» **What is expected**
Please repeat, from the entries that follow, the lines from the one containing "Conversely, if all" through the one containing "diagonal entries of" exactly, adding nothing.

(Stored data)
(* Let $n\ge2$ and $\rho=\sum_{i=0}^n\lambda_i|D_n^i\rangle\langle D_n^i|$ with $\lambda_i\ge0$, $\sum_i\lambda_i=1$. Then $L(\rho)=n$ if and only if at least one of the following holds: (i) $\lambda_0\lambda_n\neq0$; (ii) $\lambda_i\neq0$ for every odd $i\in\{0,\dots,n\}$; (iii) $\lambda_i\ne0$ for every even $i\in\{0,\dots,n\}$.
   Context: Dicke states: $|D_n^i\rangle=\binom{n}{i}^{-1/2}\sum_{s\in\{0,1\}^n,\ \sum_js_j=i}|s_1\rangle\otimes\cdots\otimes|s_n\rangle$. For $S\subseteq[n]$, $\rho_S$ is the partial trace of $\rho$ over qubits outside $S$; $\mathcal C(\rho,\mathcal S)=\{\sigma\text{ density matrix}:\sigma_S=\rho_S\ \forall S\in\mathcal S\}$; $\mathcal S$ determines $\rho$ if $\mathcal C(\rho,\mathcal S)=\{\rho\}$; $L(\rho)=\min_{\mathcal S\text{ determines }\rho}\max_{S\in\mathcal S}|S|$. *)

theory Defs
  imports Complex_Main
begin

text \<open>Computational basis states of n qubits: bit strings s : {0..<n} -> {0,1},
  encoded as functions nat => bool that are False outside {0..<n}
  (True = |1>, False = |0>).  An operator on (C^2)^{\<otimes>n} is a function
  of two basis labels, required to vanish outside the basis.\<close>

definition bits :: "nat \<Rightarrow> (nat \<Rightarrow> bool) set" where
  "bits n = {s. \<forall>i. n \<le> i \<longrightarrow> \<not> s i}"

type_synonym op = "(nat \<Rightarrow> bool) \<Rightarrow> (nat \<Rightarrow> bool) \<Rightarrow> complex"

definition density :: "nat \<Rightarrow> op \<Rightarrow> bool" where
  "density n \<sigma> \<longleftrightarrow>
     (\<forall>s t. (s \<notin> bits n \<or> t \<notin> bits n) \<longrightarrow> \<sigma> s t = 0) \<and>
     (\<forall>s t. \<sigma> t s = cnj (\<sigma> s t)) \<and>
     (\<forall>v :: (nat \<Rightarrow> bool) \<Rightarrow> complex.
        let q = (\<Sum>s\<in>bits n. \<Sum>t\<in>bits n. cnj (v s) * \<sigma> s t * v t)
        in Im q = 0 \<and> Re q \<ge> 0) \<and>
     (\<Sum>s\<in>bits n. \<sigma> s s) = 1"

text \<open>Partial trace over the qubits outside S: the reduced operator acts on bit
  strings supported in S; a basis label of the full system is the disjoint
  union of a label on S and a label c on the complement [n]-S.\<close>

definition ptrace :: "nat \<Rightarrow> nat set \<Rightarrow> op \<Rightarrow> op" where
  "ptrace n S \<sigma> a b =
     (if (\<forall>i. a i \<longrightarrow> i \<in> S \<and> i < n) \<and> (\<forall>i. b i \<longrightarrow> i \<in> S \<and> i < n)
      then (\<Sum>c\<in>{c\<in>bits n. \<forall>i\<in>S. \<not> c i}. \<sigma> (\<lambda>i. a i \<or> c i) (\<lambda>i. b i \<or> c i))
      else 0)"

definition compat :: "nat \<Rightarrow> op \<Rightarrow> nat set set \<Rightarrow> op set" where
  "compat n \<rho> SS = {\<sigma>. density n \<sigma> \<and> (\<forall>S\<in>SS. ptrace n S \<sigma> = ptrace n S \<rho>)}"

definition determines :: "nat \<Rightarrow> nat set set \<Rightarrow> op \<Rightarrow> bool" where
  "determines n SS \<rho> \<longleftrightarrow> compat n \<rho> SS = {\<rho>}"

definition Lval :: "nat \<Rightarrow> op \<Rightarrow> nat" where
  "Lval n \<rho> = (LEAST k. \<exists>SS. SS \<subseteq> Pow {0..<n} \<and> determines n SS \<rho> \<and>
                              (\<forall>S\<in>SS. card S \<le> k))"

definition dicke :: "nat \<Rightarrow> nat \<Rightarrow> (nat \<Rightarrow> bool) \<Rightarrow> complex" where
  "dicke n i s = (if s \<in> bits n \<and> card {j. j < n \<and> s j} = i
                  then complex_of_real (1 / sqrt (real (n choose i))) else 0)"

definition dicke_mix :: "nat \<Rightarrow> (nat \<Rightarrow> real) \<Rightarrow> op" where
  "dicke_mix n lam s t = (\<Sum>i\<le>n. complex_of_real (lam i) * dicke n i s * cnj (dicke n i t))"

end

theory Submission
  imports Defs "HOL-Combinatorics.Transposition"
begin

text \<open>If every set of a family misses some qubit, then any Hermitian perturbation whose partial
  trace over each single qubit vanishes leaves all the prescribed marginals unchanged. Two such
  perturbations are available for a Dicke mixture: the alternating combination
  \<open>\<Sum>\<^sub>i (-1)\<^sup>i C(n,i) |D\<^sub>n\<^sup>i\<rangle>\<langle>D\<^sub>n\<^sup>i|\<close>, which keeps \<open>\<rho>\<close> positive for a small coefficient of the
  right sign when all odd or all even \<open>\<lambda>\<^sub>i\<close> are positive, and the GHZ coherence
  \<open>|0\<dots>0\<rangle>\<langle>1\<dots>1| + |1\<dots>1\<rangle>\<langle>0\<dots>0|\<close>, which is dominated by \<open>\<lambda>\<^sub>0\<close> and \<open>\<lambda>\<^sub>n\<close> when both are positive.

  Conversely, if all three fail, the \<open>(n-1)\<close>-body marginals already determine \<open>\<rho>\<close>. They fix the
  diagonal up to an offset of alternating sign \<open>(-1)\<^sup>w\<close>, which must vanish because \<open>\<rho>\<close> has zero
  diagonal entries of both parities. For \<open>n \<ge> 3\<close> they force every compatible state to be
  supported on the symmetric subspace, so its entries depend only on the two weights; tracing out
  one qubit then links the entries at weights \<open>(a, b)\<close> and \<open>(a + 1, b + 1)\<close>, and the zero
  diagonal at weight \<open>0\<close> or \<open>n\<close> kills all coherences between different weights. For \<open>n = 2\<close> the state
  is a single basis state, fixed by its diagonal.\<close>

section \<open>Bit strings and their weight\<close>

definition weight :: "nat \<Rightarrow> (nat \<Rightarrow> bool) \<Rightarrow> nat" where
  "weight n s = card {j. j < n \<and> s j}"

» **Task output**
  Conversely, if all three fail, the \<open>(n-1)\<close>-body marginals already determine \<open>\<rho>\<close>. They fix the
  diagonal up to an offset of alternating sign \<open>(-1)\<^sup>w\<close>, which must vanish because \<open>\<rho>\<close> has zero
  diagonal entries of both parities. For \<open>n \<ge> 3\<close> they force every compatible state to be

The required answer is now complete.